- Born: 28 February 1891 Adelaide
- Alma mater: Geelong College ;
- Occupation: Businessperson
- Spouse(s): Esther Lipman
- Children: Sam Jacobs, Doreen Bridges
- Parent(s): S. J. Jacobs ;
- Awards: Knight Bachelor (1963) ;

= Roland Ellis Jacobs =

South Australian businessman

Sir Roland Ellis "Raoul" Jacobs (28 February 1891 – 28 June 1981) was a South Australian businessman, for many years at the head of South Australia's largest brewery and hotel chain, and an active supporter of many high-profile cultural, sporting and charitable organizations.

==History==
Sir Roland was born in Adelaide the youngest child and only son of Samuel Joshua Jacobs (28 March 1853 – 4 January 1937) and his wife Caroline Jacobs, née Ellis. Samuel was well known in business and sporting circles, having been both chairman of directors of S.A.B.C. and an S.A.J.C. committee member for over 30 years. Sir Roland was educated at Geelong College and the Adelaide Shorthand and Business Training Academy, of which his father was a generous patron. Roland (who had been 2nd Lieutenant with the 16th Australian Light Horse Regiment a few years previously) volunteered for active service during the First World War, but was rejected as unfit and instead served as a training officer in Adelaide.

After a few clerical jobs, he was appointed in 1924 to a managerial position in Adelaide for brewers' supplier F. A. Henriques Ltd. This company, based in Perth, Western Australia, was taken over by Mauri Bros. and Thomson in July 1930. He was appointed assistant-manager and then manager. In July 1948 he was appointed to the board of the South Australian Brewing Company, and promptly elected managing director then chairman in 1951, which he retained until March 1965. He held the managing director's position until June 1961.

==Other interests==

Sir Roland was a member of the Adelaide Club, a member and president of Adelaide Rotary Club in 1938, the Commonwealth Club, Meals on Wheels, Crippled Children's Association, the Adelaide Chamber of Commerce, and R.S.P.C.A. He was a member of the Adelaide Festival of Arts board of governors, the National council of the Australian Boy Scouts Association, boards of the Royal Adelaide Hospital and Queen Elizabeth Hospital and vice-president of the SA branch of the National Heart Foundation.
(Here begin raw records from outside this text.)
lemma mend_window_changes:
  assumes enum: "cycle_enum G n g" and enum': "cycle_enum G' n' g'"
    and n': "2 * R < n'" and "t \<le> real R"
    and lab: "agree_on_window R g n a lam g' n' a' lam'"
    and mend: "is_mend r \<psi> G' inp' lam' (cycle_pos g' n' a') t \<mu>'"
    and restore: "agree_on_window R g' n' a' \<mu>' g n a \<mu>"
    and outside: "\<And>x. x \<notin> ball G (cycle_pos g n a) R \<Longrightarrow> \<mu> x = lam x"
    and changed: "\<mu> u \<noteq> lam u"
  shows "\<exists>d. real_of_int \<bar>d\<bar> \<le> t \<and> u = cycle_pos g n (a + d)"
proof -
  obtain d where d: "\<bar>d\<bar> \<le> int R" "u = cycle_pos g n (a + d)"
    using outside changed unfolding ball_cycle_pos[OF enum] by blast
  have "\<mu>' (cycle_pos g' n' (a' + d)) \<noteq> lam' (cycle_pos g' n' (a' + d))"
    using changed d lab restore unfolding agree_on_window_def by simp
  then have "dist_le G' (cycle_pos g' n' a') (cycle_pos g' n' (a' + d)) t"
    using mend cycle_pos_in_verts[OF enum'] unfolding is_mend_def by blast
  then obtain e where e: "real_of_int \<bar>e\<bar> \<le> t" "cycle_pos g' n' (a' + d) = cycle_pos g' n' (a' + e)"
    unfolding dist_le_cycle_pos_iff[OF enum'] by blast
  have "a' + d = a' + e"
    using d(1) e \<open>t \<le> real R\<close> n' by (intro cycle_pos_inj[OF enum']) auto
  then show ?thesis
    using d(2) e(1) by auto
qed

lemma accepts_relaxed_window_restore:
  assumes verifier: "local_verifier r \<psi>"
    and enum: "cycle_enum G n g" and enum': "cycle_enum G' n' g'"
    and n: "2 * R + 1 < n" and n': "2 * R + 1 < n'" and t: "t + 2 * real r \<le> real R"
    and acc: "accepts_relaxed r \<psi> G inp lam" and acc': "accepts_relaxed r \<psi> G' inp' \<mu>'"
    and inp: "agree_on_window R g n a inp g' n' a' inp'"
    and restore: "agree_on_window R g' n' a' \<mu>' g n a \<mu>"
    and changes: "\<And>u. \<mu> u \<noteq> lam u \<Longrightarrow> \<exists>d. real_of_int \<bar>d\<bar> \<le> t \<and> u = cycle_pos g n (a + d)"
  shows "accepts_relaxed r \<psi> G inp \<mu>"
  unfolding accepts_relaxed_def
proof
  fix w assume w: "w \<in> verts G"
  show "relaxed r \<psi> G inp \<mu> w"
  proof (cases "\<forall>y\<in>ball G w r. \<mu> y = lam y")
    case True
    then show ?thesis
      using relaxed_cong[of G w r \<mu> lam] acc w unfolding accepts_relaxed_def by auto
  next
    case False
    then obtain y where y: "y \<in> ball G w r" "\<mu> y \<noteq> lam y"
      by blast
    then obtain d where d: "real_of_int \<bar>d\<bar> \<le> t" "y = cycle_pos g n (a + d)"
      using changes by blast
    obtain s where s: "w = cycle_pos g n (a + s)"
      using verts_cycle_pos[OF enum w] .
    then obtain e where e: "\<bar>e\<bar> \<le> int r" "y = cycle_pos g n (a + s + e)"
      using y(1) unfolding s ball_cycle_pos[OF enum] by auto
    have "w = cycle_pos g n (a + (d - e))"
      using cycle_pos_shift[OF enum, of "a + s + e" "a + d" "- e"] d(2) e(2) s
      by (simp add: algebra_simps)
    moreover have bound: "\<bar>d - e\<bar> + int r \<le> int R"
      using d(1) e(1) t by linarith
    moreover have "2 * r + 1 < n" "2 * r + 1 < n'"
      using bound n n' by linarith+
    moreover have "relaxed r \<psi> G' inp' \<mu>' (cycle_pos g' n' (a' + (d - e)))"
      using acc' cycle_pos_in_verts[OF enum'] unfolding accepts_relaxed_def by blast
    ultimately show ?thesis
      using relaxed_transfer[OF verifier enum' enum]
        agree_on_window_shift[OF agree_on_window_commute[OF inp]]
        agree_on_window_shift[OF restore]
      by blast
  qed
qed

lemma is_mend_window_restore:
  assumes verifier: "local_verifier r \<psi>"
    and enum: "cycle_enum G n g" and enum': "cycle_enum G' n' g'"
    and n: "2 * R + 1 < n" and n': "2 * R + 1 < n'" and t: "t + 2 * real r \<le> real R"
    and acc: "accepts_relaxed r \<psi> G inp lam"
    and inp: "agree_on_window R g n a inp g' n' a' inp'"
    and lab: "agree_on_window R g n a lam g' n' a' lam'"
    and mend: "is_mend r \<psi> G' inp' lam' (cycle_pos g' n' a') t \<mu>'"
    and restore: "agree_on_window R g' n' a' \<mu>' g n a \<mu>"
    and outside: "\<And>x. x \<notin> ball G (cycle_pos g n a) R \<Longrightarrow> \<mu> x = lam x"
  shows "is_mend r \<psi> G inp lam (cycle_pos g n a) t \<mu>"
proof -
  have changes: "\<exists>d. real_of_int \<bar>d\<bar> \<le> t \<and> u = cycle_pos g n (a + d)" if "\<mu> u \<noteq> lam u" for u
    using mend_window_changes[OF enum enum' _ _ lab mend restore outside that] n' t by simp
  have "accepts_relaxed r \<psi> G inp \<mu>"
    using mend accepts_relaxed_window_restore[OF verifier enum enum' n n' t acc _ inp restore changes]
    unfolding is_mend_def by blast
  moreover have "\<mu> (cycle_pos g n a) \<noteq> None"
    using restore[unfolded agree_on_window_def, rule_format, of 0] mend
    unfolding is_mend_def by simp
  moreover have "lam u = None" if "\<mu> u = None" for u
  proof (cases "u \<in> ball G (cycle_pos g n a) R")
    case True
    then obtain d where "\<bar>d\<bar> \<le> int R" "u = cycle_pos g n (a + d)"
      unfolding ball_cycle_pos[OF enum] by blast
    then show ?thesis
      using that restore lab mend cycle_pos_in_verts[OF enum']
      unfolding agree_on_window_def is_mend_def by metis
  next
    case False
    then show ?thesis
      using outside that by simp
  qed
  moreover have "dist_le G (cycle_pos g n a) u t" if "\<mu> u \<noteq> lam u" for u
    using changes[OF that] unfolding dist_le_cycle_pos_iff[OF enum] .
  ultimately show ?thesis
    unfolding is_mend_def by blast
qed

lemma mend_on_long_cycle:
  assumes verifier: "local_verifier r \<psi>" and mendable: "mendable_verifier r \<psi> T"
    and n0: "3 \<le> n0" "2 * R + 1 < n0" and R: "T n0 + 2 * real r \<le> real R" "r \<le> R"
    and G: "is_cycle G" "2 * R + 1 < card (verts G)"
    and acc: "accepts_relaxed r \<psi> G inp lam" and v: "v \<in> verts G"
  shows "\<exists>\<mu>. is_mend r \<psi> G inp lam v (T n0) \<mu>"
proof -
  obtain n g where enum: "cycle_enum G n g"
    using G(1) is_cycle_iff_cycle_enum by blast
  have n: "2 * R + 1 < n"
    using G(2) card_verts_cycle_enum[OF enum] by simp
  obtain G0 where enum0: "cycle_enum G0 n0 id"
    using cycle_enum_exists[OF n0(1)] by blast
  obtain a where a: "v = cycle_pos g n a"
    using verts_cycle_pos[OF enum v] by (metis add_0)
  have "2 * R < n0" "2 * R < n"
    using n0(2) n by simp_all
  obtain inp' where inp': "agree_on_window R g n a inp id n0 0 inp'"
    using window_copy_exists[OF enum0 \<open>2 * R < n0\<close>] by blast
  obtain lam' where lam': "agree_on_window R g n a lam id n0 0 lam'"
    and none: "\<And>x. x \<notin> ball G0 (cycle_pos id n0 0) R \<Longrightarrow> lam' x = None"
    using window_copy_exists[OF enum0 \<open>2 * R < n0\<close>, of g n a lam 0 "\<lambda>_. None"] by blast
  have "accepts_relaxed r \<psi> G0 inp' lam'"
    using accepts_relaxed_window[OF verifier enum enum0 n n0(2) R(2) acc inp' lam' none] .
  then obtain \<mu>' where \<mu>': "is_mend r \<psi> G0 inp' lam' (cycle_pos id n0 0) (T n0) \<mu>'"
    using mendable enum0 cycle_pos_in_verts[OF enum0] card_verts_cycle_enum[OF enum0]
      is_cycle_iff_cycle_enum unfolding mendable_verifier_def by metis
  obtain \<mu> where "agree_on_window R id n0 0 \<mu>' g n a \<mu>"
    and "\<And>x. x \<notin> ball G (cycle_pos g n a) R \<Longrightarrow> \<mu> x = lam x"
    using window_copy_exists[OF enum \<open>2 * R < n\<close>, of id n0 0 \<mu>' a lam] by blast
  then have "is_mend r \<psi> G inp lam v (T n0) \<mu>"
    using is_mend_window_restore[OF verifier enum enum0 n n0(2) R(1) acc inp' lam' \<mu>'] a by blast
  then show ?thesis
    by blast
qed

lemma is_mend_mono: "is_mend r \<psi> G inp lam v t \<mu> \<Longrightarrow> t \<le> t' \<Longrightarrow> is_mend r \<psi> G inp lam v t' \<mu>"
  unfolding is_mend_def dist_le_def by force

lemma mendable_verifier_const_if_long_cycles:
  assumes mendable: "mendable_verifier r \<psi> T"
    and long: "\<And>G inp lam v. is_cycle G \<Longrightarrow> M < card (verts G) \<Longrightarrow>
                 accepts_relaxed r \<psi> G inp lam \<Longrightarrow> v \<in> verts G \<Longrightarrow> \<exists>\<mu>. is_mend r \<psi> G inp lam v t \<mu>"
  shows "mendable_verifier r \<psi> (\<lambda>_. max t (Max (T ` {..M})))"
  unfolding mendable_verifier_def
proof (intro allI impI)
  fix G inp lam v
  assume G: "is_cycle G \<and> accepts_relaxed r \<psi> G inp lam \<and> v \<in> verts G"
  show "\<exists>\<mu>. is_mend r \<psi> G inp lam v (max t (Max (T ` {..M}))) \<mu>"
  proof (cases "M < card (verts G)")
    case True
    then show ?thesis
      using long G is_mend_mono[of r \<psi> G inp lam v t _ "max t (Max (T ` {..M}))"] by fastforce
  next
    case False
    then have "T (card (verts G)) \<le> max t (Max (T ` {..M}))"
      by (simp add: le_max_iff_disj)
    then show ?thesis
      using mendable G is_mend_mono unfolding mendable_verifier_def by blast
  qed
qed

lemma sublinear_window:
  assumes "T \<in> o(\<lambda>n. real n)"
  shows "\<exists>n0 R. 3 \<le> n0 \<and> 2 * R + 1 < n0 \<and> T n0 + 2 * real r \<le> real R \<and> r \<le> R"
proof -
  have "eventually (\<lambda>n. norm (T n) \<le> 1/4 * norm (real n)) at_top"
    using landau_o.smallD[OF assms, of "1/4"] by simp
  then obtain N where N: "\<And>n. n \<ge> N \<Longrightarrow> \<bar>T n\<bar> \<le> real n / 4"
    unfolding eventually_at_top_linorder by auto
  define n0 where "n0 = N + 8 * r + 9"
  define K where "K = nat \<lceil>T n0\<rceil>"
  define R where "R = K + 2 * r"
  have "\<bar>T n0\<bar> \<le> real n0 / 4"
    using N[of n0] unfolding n0_def by simp
  then have K: "T n0 \<le> real K" "real K \<le> real n0 / 4 + 1"
    unfolding K_def by linarith+
  have "real (2 * R + 1) = 2 * real K + 4 * real r + 1" "real n0 = real N + 8 * real r + 9"
    unfolding R_def n0_def by simp_all
  then have "2 * R + 1 < n0"
    using K by linarith
  moreover have "T n0 + 2 * real r \<le> real R" "3 \<le> n0" "r \<le> R"
    using K unfolding n0_def R_def by simp_all
  ultimately show ?thesis
    by blast
qed

theorem corollary8p2:
  fixes \<Pi> :: "('i::finite, 'o::finite) problem" and T :: "nat \<Rightarrow> real"
  assumes "is_LCL \<Pi>"
    and "problem_mendable \<Pi> T"
    and "T \<in> o(\<lambda>n. real n)"
  shows "\<exists>c::real. problem_mendable \<Pi> (\<lambda>_. c)"
proof -
  obtain r \<psi> where verifier: "verifier_for r \<psi> \<Pi>" and mendable: "mendable_verifier r \<psi> T"
    using assms(2) unfolding problem_mendable_def by blast
  obtain n0 R where n0: "3 \<le> n0" "2 * R + 1 < n0" and R: "T n0 + 2 * real r \<le> real R" "r \<le> R"
    using sublinear_window[OF assms(3)] by blast
  have "local_verifier r \<psi>"
    using verifier unfolding verifier_for_def by blast
  then have "mendable_verifier r \<psi> (\<lambda>_. max (T n0) (Max (T ` {..2 * R + 1})))"
    using mend_on_long_cycle[OF _ mendable n0 R]
    by (intro mendable_verifier_const_if_long_cycles[OF mendable]) blast
  then show ?thesis
    using verifier unfolding problem_mendable_def by blast
qed

end
lemma pcomp_id: assumes I: "I \<subseteq> S" and w: "w \<in> parabolic I" shows "pcomp I w = w"
proof -
  have "\<one> \<in> min_reps G S I" unfolding min_reps_def using I len_simple by auto
  from parabolic_comp_eq[OF I this w] show ?thesis using parabolic_carrier[OF I w] by simp
qed

lemma descents_pcomp:
  assumes I: "I \<subseteq> S" and w: "w \<in> carrier G" and s: "s \<in> I"
  shows "s \<in> des (pcomp I w) \<longleftrightarrow> s \<in> des w"
proof -
  obtain u where u: "u \<in> carrier G" "u \<otimes> pcomp I w = w"
    and add: "\<And>x. x \<in> parabolic I \<Longrightarrow> len (u \<otimes> x) = len u + len x"
    using parabolic_factorization[OF I w] by blast
  have sS: "s \<in> S" using s I by auto
  have p: "pcomp I w \<in> parabolic I" using pcomp_parabolic[OF I w] .
  have ps: "pcomp I w \<otimes> s \<in> parabolic I"
    using parabolic_mult_closed[OF I p generate.incl[OF s]] .
  have "u \<otimes> (pcomp I w \<otimes> s) = (u \<otimes> pcomp I w) \<otimes> s"
    using u(1) pcomp_carrier[OF I w] sS by (simp add: m_assoc)
  then have "w \<otimes> s = u \<otimes> (pcomp I w \<otimes> s)" by (simp only: u(2))
  then have "len (w \<otimes> s) = len u + len (pcomp I w \<otimes> s)" using add[OF ps] by simp
  moreover have "len w = len u + len (pcomp I w)" using add[OF p] u by simp
  ultimately show ?thesis using sS unfolding descents_def by auto
qed
lemma normed_space_with_states_real:
  "normed_space_with_states (scaleR :: real \<Rightarrow> 'a::real_normed_vector \<Rightarrow> 'a)"
proof
  fix x :: 'a
  assume "norm x = 1"
  moreover obtain f :: "'a \<Rightarrow> real" where "bounded_linear f" "f x = 1" "\<And>v. \<bar>f v\<bar> \<le> norm v"
    using real_norming_functional[OF \<open>norm x = 1\<close>] by blast
  moreover have "bfun scaleR f"
    using \<open>bounded_linear f\<close> unfolding bfun_def by (simp add: linear_scale bounded_linear.linear)
  ultimately show "\<exists>f. (x, f) \<in> states scaleR" by (intro exI[of _ f] states_intro) auto
qed (simp_all add: scaleR_add_left)

definition complexify :: "(complex \<Rightarrow> 'a \<Rightarrow> 'a) \<Rightarrow> ('a \<Rightarrow> real) \<Rightarrow> 'a \<Rightarrow> complex" where
  "complexify scC f x = complex_of_real (f x) - \<i> * complex_of_real (f (scC \<i> x))"

context
  fixes scC :: "complex \<Rightarrow> 'a::real_normed_vector \<Rightarrow> 'a"
  assumes scC: "complex_normed_structure scC"
begin

lemma complex_normed_structureD:
  "scC (complex_of_real r) x = r *\<^sub>R x" "scC (a * b) x = scC a (scC b x)"
  "scC (a + b) x = scC a x + scC b x" "scC a (x + y) = scC a x + scC a y"
  "norm (scC a x) = cmod a * norm x"
  using scC unfolding complex_normed_structure_def by blast+
lemma norm_elementary_tensor:
  fixes x :: "'a::real_normed_vector" and y :: "'b::real_normed_vector"
  shows "norm (elementary_tensor x y) = norm x * norm y"
proof (rule antisym)
  show "norm (elementary_tensor x y) \<le> norm x * norm y"
  proof (rule norm_blinfun_bound)
    fix f :: "'b \<Rightarrow>\<^sub>L real"
    have "norm (f y *\<^sub>R x) \<le> norm f * norm y * norm x"
      using norm_blinfun[of f y] by (simp add: mult_right_mono)
    then show "norm (elementary_tensor x y f) \<le> norm x * norm y * norm f"
      by (simp add: mult_ac)
  qed simp
  obtain \<phi> :: "'b \<Rightarrow>\<^sub>L real" where \<phi>: "norm \<phi> \<le> 1" "\<phi> y = norm y"
    using exists_norming_functional by blast
  have "norm x * norm y = norm (elementary_tensor x y \<phi>)"
    using \<phi>(2) by simp
  also have "\<dots> \<le> norm (elementary_tensor x y) * norm \<phi>"
    by (rule norm_blinfun)
  also have "\<dots> \<le> norm (elementary_tensor x y)"
    using \<phi>(1) by (simp add: mult_left_le)
  finally show "norm x * norm y \<le> norm (elementary_tensor x y)" .
qed

lemma span_subset_closure_countable:
  fixes F :: "'a::real_normed_vector set"
  assumes "finite F"
  shows "\<exists>C. countable C \<and> span F \<subseteq> closure C"
proof -
  define C where "C = (\<lambda>q. \<Sum>x\<in>F. q x *\<^sub>R x) ` (F \<rightarrow>\<^sub>E \<rat>)"
  have "countable C"
    unfolding C_def using assms countable_rat by (intro countable_image countable_PiE)
  moreover have "v \<in> closure C" if "v \<in> span F" for v
  proof -
    obtain r where v: "v = (\<Sum>x\<in>F. r x *\<^sub>R x)"
      using \<open>v \<in> span F\<close> span_finite[OF assms] by auto
    have "\<exists>q. (\<forall>n. q n \<in> \<rat>) \<and> q \<longlonglongrightarrow> r x" for x
      using closure_sequential[of "r x" \<rat>] by (simp add: Rats_closure_real)
    then obtain q where q: "\<And>x n. q x n \<in> \<rat>" "\<And>x. q x \<longlonglongrightarrow> r x"
      by metis
    have lim: "(\<lambda>n. \<Sum>x\<in>F. q x n *\<^sub>R x) \<longlonglongrightarrow> v"
      unfolding v by (intro tendsto_intros q(2))
    have mem: "(\<Sum>x\<in>F. q x n *\<^sub>R x) \<in> C" for n
    proof -
      have "(\<Sum>x\<in>F. q x n *\<^sub>R x) = (\<Sum>x\<in>F. restrict (\<lambda>x. q x n) F x *\<^sub>R x)"
        by simp
      moreover have "restrict (\<lambda>x. q x n) F \<in> F \<rightarrow>\<^sub>E \<rat>"
        using q(1) by simp
      ultimately show ?thesis
        unfolding C_def by blast
    qed
    show ?thesis
      unfolding closure_sequential using lim mem
      by (intro exI[of _ "\<lambda>n. \<Sum>x\<in>F. q x n *\<^sub>R x"]) simp
  qed
  ultimately show ?thesis by blast
qed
He never renounced the Jewish faith into which he was born, but was not a strong adherent.

==Family==
He married Olga Hertzberg (1897–1969) on 29 August 1917. Her father was a Queensland businessman and at one time mayor of Roma, Queensland. They had three children:
- Doreen Miriam Jacobs AM D.Mus (11 June 1918–13 September 2024) married architect (Frederick) Peter Bridges (13 September 1915 – 10 September 2001) around 1950. She was a noted teacher of music, pianist and member of the Australian Communist Party for a time, awarded AM in 1984 for services to music education.
- Samuel Joshua "Sam" Jacobs AO QC (6 December 1920 – 11 October 2011) married Mary Gordon Scott (6 December 1919 – 8 August 2007) He was a noted Freemason, barrister (initially with Browne, Rymill and Stevens) and judge, and awarded the AO in 1982.
- Eleanor Caroline Jacobs (born 18 December 1921, Deceased) married William Andrew Noye Wells, barrister and judge.

He married Esther "Ess" Cook (née Solomon) MBE (6 April 1900 – 27 January 1991) on 30 November 1970. This was her third marriage. Esther was a daughter of Vaiben Louis Solomon. They lived on Tusmore Avenue, Leabrook.

==Recognition==
A caricature, by staff artist Lionel Coventry, was published in the Advertiser in 1949.

He was knighted in 1963.

A portrait of Jacobs was painted by Sir William Dargie.